_Work required_: Word for word, repeat each record that follows.

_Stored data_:
- - - - -
(* Let $C\subseteq[n]$ (viewed as a single column of boxes of $[n]^2$, with a box in row $i$ for each $i\in C$), and let $r_C$ be the rank function of the Schubert matroid $SM_n(C)$. Let $S$ be a $k$-subset of $[n]$ and let $\pi=\pi_1\pi_2\cdots\pi_k$ be any ordering of the elements of $S$. Then \[r_C(S)=|\mathcal{F}_\pi(C)|.\]
   Context: For $T=\{a_1<\cdots<a_k\}$ and $S=\{b_1<\cdots<b_k\}$ subsets of $[n]$, write $T\le S$ if $\#T=\#S$ and $a_i\le b_i$ for all $i$. The Schubert matroid $SM_n(C)$ is the matroid on $[n]$ whose bases are $\{T\subseteq[n]\colon T\le C\}$; its rank function is $r_C(A)=\max\{\#(A\cap B)\colon B\text{ a basis}\}$. The filling $\mathcal{F}_\pi(C)$: starting with all boxes of $C$ empty, for $t=1,\ldots,k$ in turn place $\pi_t$ into the topmost still-empty box of $C$ whose row index is $\ge\pi_t$; if no such box exists, skip $\pi_t$. $|\mathcal{F}|$ denotes the number of nonempty boxes of a filling $\mathcal{F}$. *)

theory Defs
  imports Main
begin

definition gale_le :: "nat set \<Rightarrow> nat set \<Rightarrow> bool" where
  "gale_le T S \<longleftrightarrow> card T = card S \<and>
     (\<forall>i < card T. sorted_list_of_set T ! i \<le> sorted_list_of_set S ! i)"

definition schubert_bases :: "nat \<Rightarrow> nat set \<Rightarrow> nat set set" where
  "schubert_bases n C = {T. T \<subseteq> {1..n} \<and> gale_le T C}"

definition schubert_rank :: "nat \<Rightarrow> nat set \<Rightarrow> nat set \<Rightarrow> nat" where
  "schubert_rank n C A = Max ((\<lambda>B. card (A \<inter> B)) ` schubert_bases n C)"

(* A filling of the column C: a partial map from row indices (boxes of C) to entries. *)
definition fill_step :: "nat set \<Rightarrow> (nat \<Rightarrow> nat option) \<Rightarrow> nat \<Rightarrow> (nat \<Rightarrow> nat option)" where
  "fill_step C F x =
     (let R = {i \<in> C. F i = None \<and> x \<le> i} in
      if R = {} then F else F(Min R \<mapsto> x))"

definition filling :: "nat set \<Rightarrow> nat list \<Rightarrow> (nat \<Rightarrow> nat option)" where
  "filling C \<pi> = foldl (fill_step C) Map.empty \<pi>"

definition filling_size :: "(nat \<Rightarrow> nat option) \<Rightarrow> nat" where
  "filling_size F = card (dom F)"

end

theory Submission
  imports Defs
begin

(* Rows are read top to bottom, so a box is lower when its row index is larger.
   By the tail-count form of the Gale order, a basis B \<le> C has at most #{c \<in> C. t \<le> c}
   elements \<ge> t, hence r_C(S) \<le> #{x \<in> S. x < t} + #{c \<in> C. t \<le> c} for every t.
   Conversely, every entry of the filling is \<le> its row, so the entries have tail counts
   dominated by those of C and extend to a basis: |F| \<le> r_C(S).  Finally, for t just below
   the lowest empty box, all boxes in rows \<ge> t are filled, and the greedy placement puts
   every x \<in> S with x < t into a box above t, so |F| attains the bound. *)

lemma card_tail_eq_card_sorted_indices:
  assumes "finite T"
  shows "card {x\<in>T. t \<le> x} = card {i. i < card T \<and> t \<le> sorted_list_of_set T ! i}"
proof -
  have "{x\<in>T. t \<le> x} = {x. t \<le> x} \<inter> set (sorted_list_of_set T)"
    using assms by auto
  then show ?thesis
    using distinct_length_filter[of "sorted_list_of_set T" "\<lambda>x. t \<le> x"]
      length_filter_conv_card[of "\<lambda>x. t \<le> x" "sorted_list_of_set T"] assms
    by simp
qed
- - - - -
_Answer to this exercise_:
(* Let $C\subseteq[n]$ (viewed as a single column of boxes of $[n]^2$, with a box in row $i$ for each $i\in C$), and let $r_C$ be the rank function of the Schubert matroid $SM_n(C)$. Let $S$ be a $k$-subset of $[n]$ and let $\pi=\pi_1\pi_2\cdots\pi_k$ be any ordering of the elements of $S$. Then \[r_C(S)=|\mathcal{F}_\pi(C)|.\]
   Context: For $T=\{a_1<\cdots<a_k\}$ and $S=\{b_1<\cdots<b_k\}$ subsets of $[n]$, write $T\le S$ if $\#T=\#S$ and $a_i\le b_i$ for all $i$. The Schubert matroid $SM_n(C)$ is the matroid on $[n]$ whose bases are $\{T\subseteq[n]\colon T\le C\}$; its rank function is $r_C(A)=\max\{\#(A\cap B)\colon B\text{ a basis}\}$. The filling $\mathcal{F}_\pi(C)$: starting with all boxes of $C$ empty, for $t=1,\ldots,k$ in turn place $\pi_t$ into the topmost still-empty box of $C$ whose row index is $\ge\pi_t$; if no such box exists, skip $\pi_t$. $|\mathcal{F}|$ denotes the number of nonempty boxes of a filling $\mathcal{F}$. *)

theory Defs
  imports Main
begin

definition gale_le :: "nat set \<Rightarrow> nat set \<Rightarrow> bool" where
  "gale_le T S \<longleftrightarrow> card T = card S \<and>
     (\<forall>i < card T. sorted_list_of_set T ! i \<le> sorted_list_of_set S ! i)"

definition schubert_bases :: "nat \<Rightarrow> nat set \<Rightarrow> nat set set" where
  "schubert_bases n C = {T. T \<subseteq> {1..n} \<and> gale_le T C}"

definition schubert_rank :: "nat \<Rightarrow> nat set \<Rightarrow> nat set \<Rightarrow> nat" where
  "schubert_rank n C A = Max ((\<lambda>B. card (A \<inter> B)) ` schubert_bases n C)"

(* A filling of the column C: a partial map from row indices (boxes of C) to entries. *)
definition fill_step :: "nat set \<Rightarrow> (nat \<Rightarrow> nat option) \<Rightarrow> nat \<Rightarrow> (nat \<Rightarrow> nat option)" where
  "fill_step C F x =
     (let R = {i \<in> C. F i = None \<and> x \<le> i} in
      if R = {} then F else F(Min R \<mapsto> x))"

definition filling :: "nat set \<Rightarrow> nat list \<Rightarrow> (nat \<Rightarrow> nat option)" where
  "filling C \<pi> = foldl (fill_step C) Map.empty \<pi>"

definition filling_size :: "(nat \<Rightarrow> nat option) \<Rightarrow> nat" where
  "filling_size F = card (dom F)"

end

theory Submission
  imports Defs
begin

(* Rows are read top to bottom, so a box is lower when its row index is larger.
   By the tail-count form of the Gale order, a basis B \<le> C has at most #{c \<in> C. t \<le> c}
   elements \<ge> t, hence r_C(S) \<le> #{x \<in> S. x < t} + #{c \<in> C. t \<le> c} for every t.
   Conversely, every entry of the filling is \<le> its row, so the entries have tail counts
   dominated by those of C and extend to a basis: |F| \<le> r_C(S).  Finally, for t just below
   the lowest empty box, all boxes in rows \<ge> t are filled, and the greedy placement puts
   every x \<in> S with x < t into a box above t, so |F| attains the bound. *)

lemma card_tail_eq_card_sorted_indices:
  assumes "finite T"
  shows "card {x\<in>T. t \<le> x} = card {i. i < card T \<and> t \<le> sorted_list_of_set T ! i}"
proof -
  have "{x\<in>T. t \<le> x} = {x. t \<le> x} \<inter> set (sorted_list_of_set T)"
    using assms by auto
  then show ?thesis
    using distinct_length_filter[of "sorted_list_of_set T" "\<lambda>x. t \<le> x"]
      length_filter_conv_card[of "\<lambda>x. t \<le> x" "sorted_list_of_set T"] assms
    by simp
qed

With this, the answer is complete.